Od 2014 roku rynek gier wideo zalały wszelkiego rodzaju survival horrory i był to jeden z gatunków, którym można było się aż znudzić. Widok z pierwszej osoby, zbieranie surowców i walka, a do tego możliwość kooperacji — schemat dobry, lecz został utarty do tego stopnia, że większość graczy miała już dość. Okazuje się jednak, że niektórzy potrafią rozpalić ogień w sercach fanów, nawet kiedy wszystko zdaje się już przejedzone.

Pod koniec zeszłego miesiąca, dokładnie 23 lutego 2023 roku, na Steamie we wczesnym dostępie (deja vu) pojawiło się Sons of the Forest, czyli bezpośrednia kontynuacja wcześniej wspomnianej gry. Za sequel również odpowiada Endnight Games. Cały zamysł jest do złudzenia podobny, żeby nie napisać identyczny — główny bohater przeżył katastrofę śmigłowca i wylądował w środku tajemniczego lasu. Naszym celem ponownie jest przeżycie, a przy okazji staramy się odnaleźć innych ocalałych, unikając kontaktu ze zmutowanymi tubylcami.

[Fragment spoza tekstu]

lemma Lfun_add: "Lfun t (p + q) = Lfun t p + Lfun t q"
proof -
  let ?D = "max (degree p) (degree q)"
  have "Lfun t (p + q) = (\<Sum>m\<le>?D. coeff (p + q) m * int (mu t m))"
    by (rule Lfun_bound) (meson degree_add_le max.cobounded1 max.cobounded2)
  also have "\<dots> = (\<Sum>m\<le>?D. coeff p m * int (mu t m)) + (\<Sum>m\<le>?D. coeff q m * int (mu t m))"
    by (simp add: sum.distrib distrib_right)
  also have "\<dots> = Lfun t p + Lfun t q"
    by (simp add: Lfun_bound[symmetric])
  finally show ?thesis .
qed

lemma Lfun_sum: "finite A \<Longrightarrow> Lfun t (\<Sum>a\<in>A. f a) = (\<Sum>a\<in>A. Lfun t (f a))"
  by (induction A rule: finite_induct) (simp_all add: Lfun_add, simp add: Lfun_def)

lemma Lfun_monom: "Lfun t (monom c d) = c * int (mu t d)"
proof -
  have "Lfun t (monom c d) = (\<Sum>m\<le>d. coeff (monom c d) m * int (mu t m))"
    by (rule Lfun_bound) (simp add: degree_monom_le)
  also have "\<dots> = c * int (mu t d)"
    by (simp add: coeff_monom if_distrib[of "\<lambda>x. x * _"] sum.delta cong: if_cong)
  finally show ?thesis .
qed

definition crosses :: "nat set \<Rightarrow> nat set \<Rightarrow> bool" where
  "crosses B C \<longleftrightarrow> (\<exists>a b c d. a < b \<and> b < c \<and> c < d \<and> a \<in> B \<and> c \<in> B \<and> b \<in> C \<and> d \<in> C)"

lemma NCpart_iff:
  "P \<in> NCpart t A \<longleftrightarrow> partition_on A P \<and> (\<forall>B\<in>P. \<forall>C\<in>P. B \<noteq> C \<longrightarrow> \<not> crosses B C)
     \<and> (\<forall>B\<in>P. card B = t + 1)"
  unfolding NCpart_def noncrossing_def crosses_def by simp

lemma NCpart_D:
  assumes "P \<in> NCpart t A"
  shows "partition_on A P" "\<Union>P = A" "disjoint P"
    and "\<And>B C. B \<in> P \<Longrightarrow> C \<in> P \<Longrightarrow> B \<noteq> C \<Longrightarrow> \<not> crosses B C"
    and "\<And>B. B \<in> P \<Longrightarrow> card B = t + 1"
  using assms unfolding NCpart_iff partition_on_def by simp_all

lemma crosses_image:
  assumes f: "strict_mono_on A f" and BA: "B \<subseteq> A" and CA: "C \<subseteq> A"
    and cr: "crosses (f ` B) (f ` C)"
  shows "crosses B C"
proof -
  obtain a b c d where abcd: "a \<in> B" "c \<in> B" "b \<in> C" "d \<in> C"
    and lt: "f a < f b" "f b < f c" "f c < f d"
    using cr unfolding crosses_def by blast
  have "a < b" "b < c" "c < d"
    using lt abcd BA CA strict_mono_on_less[OF f] by (meson subsetD)+
  with abcd show ?thesis unfolding crosses_def by blast
qed

lemma NCpart_image:
  assumes f: "strict_mono_on A f" and P: "P \<in> NCpart t A"
  shows "(`) f ` P \<in> NCpart t (f ` A)"
  unfolding NCpart_iff
proof (intro conjI ballI impI)
  note D = NCpart_D[OF P]
  have inj: "inj_on f A" using f strict_mono_on_imp_inj_on by blast
  have sub: "B \<subseteq> A" if "B \<in> P" for B using that D(2) by blast
  have "{} \<notin> (`) f ` P" using D(1) by (auto simp: partition_on_def)
  then show "partition_on (f ` A) ((`) f ` P)"
    using partition_on_inj_image[OF D(1) inj] by simp
  show "\<not> crosses X Y" if "X \<in> (`) f ` P" "Y \<in> (`) f ` P" "X \<noteq> Y" for X Y
    using that D(4) crosses_image[OF f] sub by blast
  show "card X = t + 1" if "X \<in> (`) f ` P" for X
    using that D(5) sub inj by (auto simp: card_image inj_on_subset)
qed

lemma strict_mono_on_the_inv_into:
  assumes f: "strict_mono_on A (f :: 'a :: linorder \<Rightarrow> 'b :: linorder)"
  shows "strict_mono_on (f ` A) (the_inv_into A f)"
proof (rule strict_mono_onI)
  have inj: "inj_on f A" using f strict_mono_on_imp_inj_on by blast
  fix x y assume "x \<in> f ` A" "y \<in> f ` A" "x < y"
  then obtain a b where ab: "a \<in> A" "b \<in> A" "x = f a" "y = f b" by auto
  with \<open>x < y\<close> have "a < b" using strict_mono_on_less[OF f] by auto
  thus "the_inv_into A f x < the_inv_into A f y" using ab inj by (simp add: the_inv_into_f_f)
qed

lemma card_NCpart_strict_mono:
  assumes f: "strict_mono_on A f"
  shows "card (NCpart t (f ` A)) = card (NCpart t A)"
proof -
  let ?g = "the_inv_into A f"
  have inj: "inj_on f A" using f strict_mono_on_imp_inj_on by blast
  have gfA: "?g ` f ` A = A" using inj by (rule the_inv_into_onto)
  have gf: "?g ` f ` B = B" if "B \<subseteq> A" for B
    using that inj by (auto simp: the_inv_into_f_f subset_iff image_iff)
  have fg: "f ` ?g ` B = B" if "B \<subseteq> f ` A" for B
    using that inj by (auto simp: f_the_inv_into_f subset_iff image_iff)
  have "bij_betw ((`) ((`) f)) (NCpart t A) (NCpart t (f ` A))"
  proof (rule bij_betw_byWitness[where f' = "(`) ((`) ?g)"])
    show "\<forall>P\<in>NCpart t A. (`) ?g ` (`) f ` P = P"
    proof
      fix P assume P: "P \<in> NCpart t A"
      have "?g ` f ` B = B" if "B \<in> P" for B
        using gf Union_upper[OF that] NCpart_D(2)[OF P] by simp
      then show "(`) ?g ` (`) f ` P = P" by (simp add: image_image cong: image_cong)
    qed
    show "\<forall>Q\<in>NCpart t (f ` A). (`) f ` (`) ?g ` Q = Q"
    proof
      fix Q assume Q: "Q \<in> NCpart t (f ` A)"
      have "f ` ?g ` B = B" if "B \<in> Q" for B
        using fg Union_upper[OF that] NCpart_D(2)[OF Q] by simp
      then show "(`) f ` (`) ?g ` Q = Q" by (simp add: image_image cong: image_cong)
    qed
    show "(`) ((`) f) ` NCpart t A \<subseteq> NCpart t (f ` A)"
      using NCpart_image[OF f] by (rule image_subsetI)
    show "(`) ((`) ?g) ` NCpart t (f ` A) \<subseteq> NCpart t A"
      using NCpart_image[OF strict_mono_on_the_inv_into[OF f]] unfolding gfA by (rule image_subsetI)
  qed
  thus ?thesis by (rule bij_betw_same_card[symmetric])
qed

Odgrzewany kotlet może być smaczny

Ciężko nie odnieść wrażenia, że Sons of the Forest to w istocie odgrzany sprzed kilku lat kotlet, ewentualnie na nowo przyprawiony czy z dodatkiem jakiegoś sosu. Okazuje się, że „jedynka” zrobiła furorę w takim stopniu, że kontynuacja w ciągu zaledwie pierwszej doby sprzedała się w ponad 2 milionach egzemplarzy. Fenomen widać również po ilości graczy na Steam, gdyż nowe dziecko Endnight Games idzie łeb w łeb z Hogwarts Legacy, które było ogromną i wyczekiwaną latami premierą.

Źródło: SteamDB

Twórcy, pomimo ogromnego sukcesu na tym etapie, nie zamierzają się poddawać. Deweloperzy już zapowiadają nadchodzące nowości i usprawnienia, które głównie mają dotyczyć Kelvina i Virginię — dwójkę towarzyszy w grze. Ponadto ma zostać rozbudowany wątek fabularny, co przełoży się na nowe cutscenki i misje.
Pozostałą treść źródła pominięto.